*** Information given ***

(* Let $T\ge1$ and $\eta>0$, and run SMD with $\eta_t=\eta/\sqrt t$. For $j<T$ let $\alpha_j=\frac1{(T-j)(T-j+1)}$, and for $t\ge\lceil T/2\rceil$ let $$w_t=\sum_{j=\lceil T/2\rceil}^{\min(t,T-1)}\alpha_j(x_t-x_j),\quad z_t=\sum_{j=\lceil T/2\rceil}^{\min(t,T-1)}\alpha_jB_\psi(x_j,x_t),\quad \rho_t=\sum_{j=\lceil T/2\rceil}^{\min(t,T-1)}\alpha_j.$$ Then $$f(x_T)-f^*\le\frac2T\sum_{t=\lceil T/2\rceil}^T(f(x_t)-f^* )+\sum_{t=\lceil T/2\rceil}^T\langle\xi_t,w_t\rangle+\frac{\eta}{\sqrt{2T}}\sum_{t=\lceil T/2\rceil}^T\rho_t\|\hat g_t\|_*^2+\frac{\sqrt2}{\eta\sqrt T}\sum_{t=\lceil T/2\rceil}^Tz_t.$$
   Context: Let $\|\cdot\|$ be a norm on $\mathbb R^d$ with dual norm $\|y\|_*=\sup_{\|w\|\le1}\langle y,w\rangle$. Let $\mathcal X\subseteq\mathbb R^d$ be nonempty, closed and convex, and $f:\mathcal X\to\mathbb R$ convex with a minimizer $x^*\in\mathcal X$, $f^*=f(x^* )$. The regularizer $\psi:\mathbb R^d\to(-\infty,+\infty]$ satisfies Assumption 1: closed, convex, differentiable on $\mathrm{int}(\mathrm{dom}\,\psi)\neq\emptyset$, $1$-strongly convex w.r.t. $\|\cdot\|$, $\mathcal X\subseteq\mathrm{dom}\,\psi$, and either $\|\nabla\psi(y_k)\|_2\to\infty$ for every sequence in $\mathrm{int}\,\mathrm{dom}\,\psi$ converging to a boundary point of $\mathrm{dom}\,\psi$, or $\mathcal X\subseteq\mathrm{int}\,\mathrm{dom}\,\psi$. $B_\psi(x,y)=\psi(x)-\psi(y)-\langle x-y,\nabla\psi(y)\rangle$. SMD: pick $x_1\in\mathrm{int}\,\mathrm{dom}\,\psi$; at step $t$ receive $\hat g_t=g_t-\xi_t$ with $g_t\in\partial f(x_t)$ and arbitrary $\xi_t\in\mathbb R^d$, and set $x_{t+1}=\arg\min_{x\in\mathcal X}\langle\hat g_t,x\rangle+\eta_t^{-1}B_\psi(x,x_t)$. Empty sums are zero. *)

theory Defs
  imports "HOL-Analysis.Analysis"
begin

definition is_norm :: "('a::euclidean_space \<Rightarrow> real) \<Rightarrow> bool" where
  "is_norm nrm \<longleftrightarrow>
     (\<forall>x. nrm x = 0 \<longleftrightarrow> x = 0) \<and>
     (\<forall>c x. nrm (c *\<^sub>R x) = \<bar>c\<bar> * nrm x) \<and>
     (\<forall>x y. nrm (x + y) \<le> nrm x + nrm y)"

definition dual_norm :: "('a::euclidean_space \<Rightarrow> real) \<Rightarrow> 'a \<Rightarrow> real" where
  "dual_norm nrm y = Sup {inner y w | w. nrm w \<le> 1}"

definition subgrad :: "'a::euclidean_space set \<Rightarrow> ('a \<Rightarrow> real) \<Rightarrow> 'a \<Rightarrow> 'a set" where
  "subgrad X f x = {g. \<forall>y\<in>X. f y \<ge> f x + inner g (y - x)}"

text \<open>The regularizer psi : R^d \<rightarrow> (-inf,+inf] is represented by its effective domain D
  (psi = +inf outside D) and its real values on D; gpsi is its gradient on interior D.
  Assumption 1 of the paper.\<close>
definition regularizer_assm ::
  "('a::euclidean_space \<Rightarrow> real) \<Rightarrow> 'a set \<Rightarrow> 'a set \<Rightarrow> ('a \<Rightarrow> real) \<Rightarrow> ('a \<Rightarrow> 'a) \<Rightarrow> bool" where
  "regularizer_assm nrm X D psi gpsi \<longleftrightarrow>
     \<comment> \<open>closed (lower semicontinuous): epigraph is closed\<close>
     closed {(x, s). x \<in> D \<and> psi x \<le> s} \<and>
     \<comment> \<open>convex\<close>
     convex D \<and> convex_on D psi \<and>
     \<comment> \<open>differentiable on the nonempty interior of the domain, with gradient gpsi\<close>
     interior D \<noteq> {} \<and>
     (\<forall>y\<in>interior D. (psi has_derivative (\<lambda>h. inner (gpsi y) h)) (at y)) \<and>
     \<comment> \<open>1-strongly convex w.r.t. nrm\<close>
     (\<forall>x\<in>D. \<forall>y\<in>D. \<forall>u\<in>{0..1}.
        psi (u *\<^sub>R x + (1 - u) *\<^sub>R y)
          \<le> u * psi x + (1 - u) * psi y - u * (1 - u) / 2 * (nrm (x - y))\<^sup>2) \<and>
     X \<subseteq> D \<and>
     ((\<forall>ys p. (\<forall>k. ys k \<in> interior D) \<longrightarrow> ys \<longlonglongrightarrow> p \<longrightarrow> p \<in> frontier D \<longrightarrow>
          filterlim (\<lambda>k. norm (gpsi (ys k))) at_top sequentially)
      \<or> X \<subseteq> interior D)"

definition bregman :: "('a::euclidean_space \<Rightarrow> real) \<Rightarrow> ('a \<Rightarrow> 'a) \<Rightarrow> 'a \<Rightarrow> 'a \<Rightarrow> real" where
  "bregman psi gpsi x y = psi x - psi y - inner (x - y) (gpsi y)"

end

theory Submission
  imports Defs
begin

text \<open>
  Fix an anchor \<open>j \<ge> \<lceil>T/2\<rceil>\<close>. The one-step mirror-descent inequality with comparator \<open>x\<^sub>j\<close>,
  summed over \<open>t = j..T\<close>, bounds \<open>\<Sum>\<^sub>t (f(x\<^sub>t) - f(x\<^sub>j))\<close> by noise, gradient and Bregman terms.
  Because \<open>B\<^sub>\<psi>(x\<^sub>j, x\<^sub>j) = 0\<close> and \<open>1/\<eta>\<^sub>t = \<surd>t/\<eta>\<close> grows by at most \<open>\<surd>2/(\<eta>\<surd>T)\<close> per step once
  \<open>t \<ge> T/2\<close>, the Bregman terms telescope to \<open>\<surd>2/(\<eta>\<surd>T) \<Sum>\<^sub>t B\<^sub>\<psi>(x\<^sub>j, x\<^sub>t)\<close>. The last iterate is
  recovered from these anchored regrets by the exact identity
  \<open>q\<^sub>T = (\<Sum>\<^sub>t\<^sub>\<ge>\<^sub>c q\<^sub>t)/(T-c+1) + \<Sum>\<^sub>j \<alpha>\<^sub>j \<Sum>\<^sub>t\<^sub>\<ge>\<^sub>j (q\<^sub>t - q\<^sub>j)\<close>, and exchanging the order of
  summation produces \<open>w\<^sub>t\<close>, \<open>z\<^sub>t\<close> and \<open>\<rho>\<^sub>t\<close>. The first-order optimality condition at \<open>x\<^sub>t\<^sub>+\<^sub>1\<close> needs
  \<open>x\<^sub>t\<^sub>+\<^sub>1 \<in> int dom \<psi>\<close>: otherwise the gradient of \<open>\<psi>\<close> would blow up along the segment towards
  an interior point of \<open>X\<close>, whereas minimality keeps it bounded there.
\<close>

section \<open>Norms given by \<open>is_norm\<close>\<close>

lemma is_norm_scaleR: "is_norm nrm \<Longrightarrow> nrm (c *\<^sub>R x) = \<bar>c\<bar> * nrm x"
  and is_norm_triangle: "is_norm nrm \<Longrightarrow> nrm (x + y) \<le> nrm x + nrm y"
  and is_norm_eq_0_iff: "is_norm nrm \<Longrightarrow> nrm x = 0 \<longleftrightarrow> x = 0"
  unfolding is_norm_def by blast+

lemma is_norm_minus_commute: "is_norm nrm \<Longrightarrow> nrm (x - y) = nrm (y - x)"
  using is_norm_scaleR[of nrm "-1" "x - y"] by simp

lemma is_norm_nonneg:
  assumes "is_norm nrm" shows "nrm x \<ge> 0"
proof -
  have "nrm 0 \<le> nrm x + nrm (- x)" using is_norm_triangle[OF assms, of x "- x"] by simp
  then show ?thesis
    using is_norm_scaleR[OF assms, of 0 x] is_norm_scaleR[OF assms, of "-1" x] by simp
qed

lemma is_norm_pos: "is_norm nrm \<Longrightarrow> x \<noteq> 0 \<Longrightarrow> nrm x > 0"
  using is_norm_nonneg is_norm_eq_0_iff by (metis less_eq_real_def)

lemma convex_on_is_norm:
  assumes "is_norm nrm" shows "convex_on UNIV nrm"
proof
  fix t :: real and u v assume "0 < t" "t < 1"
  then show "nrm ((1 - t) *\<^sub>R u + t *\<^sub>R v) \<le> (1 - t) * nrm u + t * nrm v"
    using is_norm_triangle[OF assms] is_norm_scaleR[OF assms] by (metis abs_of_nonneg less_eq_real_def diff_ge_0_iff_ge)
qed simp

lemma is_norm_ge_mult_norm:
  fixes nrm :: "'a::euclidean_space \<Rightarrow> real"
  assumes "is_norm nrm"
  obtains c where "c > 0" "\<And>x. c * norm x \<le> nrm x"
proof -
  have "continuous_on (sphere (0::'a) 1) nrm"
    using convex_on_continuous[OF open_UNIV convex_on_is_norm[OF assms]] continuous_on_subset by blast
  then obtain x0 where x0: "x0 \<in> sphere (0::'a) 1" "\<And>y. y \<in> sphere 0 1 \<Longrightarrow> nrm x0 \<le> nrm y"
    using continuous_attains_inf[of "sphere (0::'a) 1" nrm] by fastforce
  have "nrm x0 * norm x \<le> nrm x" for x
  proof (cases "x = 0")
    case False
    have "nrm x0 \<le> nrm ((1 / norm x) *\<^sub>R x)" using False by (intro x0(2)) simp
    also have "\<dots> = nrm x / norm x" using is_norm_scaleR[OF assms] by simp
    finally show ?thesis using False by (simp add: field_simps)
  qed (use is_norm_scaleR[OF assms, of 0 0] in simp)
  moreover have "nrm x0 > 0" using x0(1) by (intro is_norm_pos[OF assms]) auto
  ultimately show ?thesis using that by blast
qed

*** End of Information given ***
*** Information given ***

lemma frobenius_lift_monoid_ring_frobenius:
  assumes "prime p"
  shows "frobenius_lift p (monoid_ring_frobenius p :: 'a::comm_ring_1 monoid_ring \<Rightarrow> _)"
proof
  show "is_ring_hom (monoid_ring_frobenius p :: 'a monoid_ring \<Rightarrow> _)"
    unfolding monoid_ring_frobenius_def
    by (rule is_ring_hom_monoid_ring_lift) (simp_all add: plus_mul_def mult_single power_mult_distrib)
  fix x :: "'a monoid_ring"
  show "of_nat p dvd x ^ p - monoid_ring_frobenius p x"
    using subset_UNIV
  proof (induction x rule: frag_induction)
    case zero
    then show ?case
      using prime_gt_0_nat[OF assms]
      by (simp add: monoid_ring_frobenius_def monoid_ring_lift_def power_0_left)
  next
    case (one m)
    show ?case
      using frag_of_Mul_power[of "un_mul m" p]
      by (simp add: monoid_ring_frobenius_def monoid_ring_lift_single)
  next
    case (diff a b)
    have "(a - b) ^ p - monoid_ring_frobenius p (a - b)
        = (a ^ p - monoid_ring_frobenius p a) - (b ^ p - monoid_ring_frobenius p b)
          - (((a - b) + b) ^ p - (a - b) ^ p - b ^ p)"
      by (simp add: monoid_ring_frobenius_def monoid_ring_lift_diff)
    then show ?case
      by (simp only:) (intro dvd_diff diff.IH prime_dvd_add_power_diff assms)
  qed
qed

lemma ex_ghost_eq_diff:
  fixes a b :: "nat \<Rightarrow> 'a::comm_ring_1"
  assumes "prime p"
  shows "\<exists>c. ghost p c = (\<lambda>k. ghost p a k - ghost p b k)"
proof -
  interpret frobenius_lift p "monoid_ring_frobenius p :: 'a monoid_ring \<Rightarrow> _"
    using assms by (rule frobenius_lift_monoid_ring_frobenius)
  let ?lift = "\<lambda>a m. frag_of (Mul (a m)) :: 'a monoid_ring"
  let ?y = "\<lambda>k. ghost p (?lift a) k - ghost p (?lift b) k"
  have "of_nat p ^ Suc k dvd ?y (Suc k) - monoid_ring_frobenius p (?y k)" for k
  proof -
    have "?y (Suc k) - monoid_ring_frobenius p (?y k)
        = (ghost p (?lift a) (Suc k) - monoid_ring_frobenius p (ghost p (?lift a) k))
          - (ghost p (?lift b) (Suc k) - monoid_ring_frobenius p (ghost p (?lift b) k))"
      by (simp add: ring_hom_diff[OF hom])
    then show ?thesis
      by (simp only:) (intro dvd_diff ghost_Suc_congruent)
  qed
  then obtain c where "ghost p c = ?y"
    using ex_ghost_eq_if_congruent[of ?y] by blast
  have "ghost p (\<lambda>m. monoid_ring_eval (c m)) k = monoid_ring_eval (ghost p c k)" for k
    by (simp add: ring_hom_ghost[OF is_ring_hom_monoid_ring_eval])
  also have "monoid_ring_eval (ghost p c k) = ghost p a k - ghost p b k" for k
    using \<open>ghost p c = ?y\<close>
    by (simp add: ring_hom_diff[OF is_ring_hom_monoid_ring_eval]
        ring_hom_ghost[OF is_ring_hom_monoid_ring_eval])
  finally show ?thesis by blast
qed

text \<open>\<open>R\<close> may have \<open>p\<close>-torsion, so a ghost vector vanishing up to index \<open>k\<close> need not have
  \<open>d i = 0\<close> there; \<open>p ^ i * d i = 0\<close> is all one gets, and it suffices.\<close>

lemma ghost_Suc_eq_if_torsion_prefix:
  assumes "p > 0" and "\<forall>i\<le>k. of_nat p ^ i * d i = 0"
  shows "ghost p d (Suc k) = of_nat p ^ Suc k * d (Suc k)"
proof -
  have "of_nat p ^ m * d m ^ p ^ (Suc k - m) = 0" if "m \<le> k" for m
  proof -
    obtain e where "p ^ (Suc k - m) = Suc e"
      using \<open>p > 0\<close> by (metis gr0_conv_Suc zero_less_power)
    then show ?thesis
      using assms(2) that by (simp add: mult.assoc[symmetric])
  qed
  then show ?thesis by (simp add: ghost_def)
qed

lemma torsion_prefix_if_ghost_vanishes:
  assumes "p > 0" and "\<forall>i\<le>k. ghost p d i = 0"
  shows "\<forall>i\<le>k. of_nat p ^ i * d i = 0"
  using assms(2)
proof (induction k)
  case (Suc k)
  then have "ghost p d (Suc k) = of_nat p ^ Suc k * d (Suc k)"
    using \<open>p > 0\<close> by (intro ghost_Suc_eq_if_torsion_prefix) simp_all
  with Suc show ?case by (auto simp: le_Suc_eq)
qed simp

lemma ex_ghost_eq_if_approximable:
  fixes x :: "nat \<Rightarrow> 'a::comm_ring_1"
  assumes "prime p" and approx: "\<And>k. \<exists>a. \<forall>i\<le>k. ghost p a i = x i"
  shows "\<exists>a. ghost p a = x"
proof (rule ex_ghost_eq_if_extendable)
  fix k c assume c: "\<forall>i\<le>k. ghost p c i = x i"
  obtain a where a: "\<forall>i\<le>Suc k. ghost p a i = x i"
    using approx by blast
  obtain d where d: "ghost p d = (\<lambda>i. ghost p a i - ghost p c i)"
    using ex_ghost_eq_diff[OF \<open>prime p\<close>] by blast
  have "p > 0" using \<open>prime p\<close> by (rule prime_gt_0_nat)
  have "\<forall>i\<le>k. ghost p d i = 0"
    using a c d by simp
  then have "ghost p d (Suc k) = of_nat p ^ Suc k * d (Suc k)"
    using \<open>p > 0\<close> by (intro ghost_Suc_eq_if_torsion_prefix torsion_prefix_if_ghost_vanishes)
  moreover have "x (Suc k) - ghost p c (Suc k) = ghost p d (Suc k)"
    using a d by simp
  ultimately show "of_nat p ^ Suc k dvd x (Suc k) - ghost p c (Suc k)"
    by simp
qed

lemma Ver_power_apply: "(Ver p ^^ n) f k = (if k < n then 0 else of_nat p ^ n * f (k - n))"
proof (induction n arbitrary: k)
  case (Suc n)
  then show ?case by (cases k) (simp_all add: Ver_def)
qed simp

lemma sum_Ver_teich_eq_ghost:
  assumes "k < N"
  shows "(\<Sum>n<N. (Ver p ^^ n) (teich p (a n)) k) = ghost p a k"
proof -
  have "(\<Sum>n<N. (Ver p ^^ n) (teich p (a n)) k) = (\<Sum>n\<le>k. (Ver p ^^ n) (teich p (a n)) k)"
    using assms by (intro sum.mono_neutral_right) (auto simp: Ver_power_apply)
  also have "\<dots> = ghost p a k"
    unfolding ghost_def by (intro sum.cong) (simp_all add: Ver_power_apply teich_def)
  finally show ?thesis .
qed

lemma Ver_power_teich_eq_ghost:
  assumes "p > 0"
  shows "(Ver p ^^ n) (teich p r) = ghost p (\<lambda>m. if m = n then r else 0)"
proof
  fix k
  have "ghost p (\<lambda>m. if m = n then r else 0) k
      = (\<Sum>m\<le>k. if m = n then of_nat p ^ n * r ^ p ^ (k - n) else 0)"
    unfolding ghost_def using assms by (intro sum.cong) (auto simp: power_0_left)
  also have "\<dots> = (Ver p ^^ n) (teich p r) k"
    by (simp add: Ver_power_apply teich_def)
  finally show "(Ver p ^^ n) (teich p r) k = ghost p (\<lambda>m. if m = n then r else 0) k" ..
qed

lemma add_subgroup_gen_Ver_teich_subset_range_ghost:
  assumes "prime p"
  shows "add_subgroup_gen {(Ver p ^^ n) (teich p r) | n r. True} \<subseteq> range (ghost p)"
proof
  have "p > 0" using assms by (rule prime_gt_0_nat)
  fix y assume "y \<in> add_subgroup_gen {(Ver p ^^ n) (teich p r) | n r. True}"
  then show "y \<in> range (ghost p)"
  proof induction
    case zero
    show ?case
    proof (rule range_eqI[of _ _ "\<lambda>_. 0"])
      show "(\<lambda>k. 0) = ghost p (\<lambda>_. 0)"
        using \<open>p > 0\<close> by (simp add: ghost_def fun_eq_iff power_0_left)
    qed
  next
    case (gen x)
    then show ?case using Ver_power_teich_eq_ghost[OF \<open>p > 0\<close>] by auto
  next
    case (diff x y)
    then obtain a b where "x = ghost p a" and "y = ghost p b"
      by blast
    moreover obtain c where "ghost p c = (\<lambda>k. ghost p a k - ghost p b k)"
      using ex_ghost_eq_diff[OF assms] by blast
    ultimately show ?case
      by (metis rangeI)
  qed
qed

*** End of Information given ***

Task description :: Would you copy every line of the entries that includes the word "Assumption"?

Exercise answer ::
   Context: Let $\|\cdot\|$ be a norm on $\mathbb R^d$ with dual norm $\|y\|_*=\sup_{\|w\|\le1}\langle y,w\rangle$. Let $\mathcal X\subseteq\mathbb R^d$ be nonempty, closed and convex, and $f:\mathcal X\to\mathbb R$ convex with a minimizer $x^*\in\mathcal X$, $f^*=f(x^* )$. The regularizer $\psi:\mathbb R^d\to(-\infty,+\infty]$ satisfies Assumption 1: closed, convex, differentiable on $\mathrm{int}(\mathrm{dom}\,\psi)\neq\emptyset$, $1$-strongly convex w.r.t. $\|\cdot\|$, $\mathcal X\subseteq\mathrm{dom}\,\psi$, and either $\|\nabla\psi(y_k)\|_2\to\infty$ for every sequence in $\mathrm{int}\,\mathrm{dom}\,\psi$ converging to a boundary point of $\mathrm{dom}\,\psi$, or $\mathcal X\subseteq\mathrm{int}\,\mathrm{dom}\,\psi$. $B_\psi(x,y)=\psi(x)-\psi(y)-\langle x-y,\nabla\psi(y)\rangle$. SMD: pick $x_1\in\mathrm{int}\,\mathrm{dom}\,\psi$; at step $t$ receive $\hat g_t=g_t-\xi_t$ with $g_t\in\partial f(x_t)$ and arbitrary $\xi_t\in\mathbb R^d$, and set $x_{t+1}=\arg\min_{x\in\mathcal X}\langle\hat g_t,x\rangle+\eta_t^{-1}B_\psi(x,x_t)$. Empty sums are zero. *)
  Assumption 1 of the paper.\<close>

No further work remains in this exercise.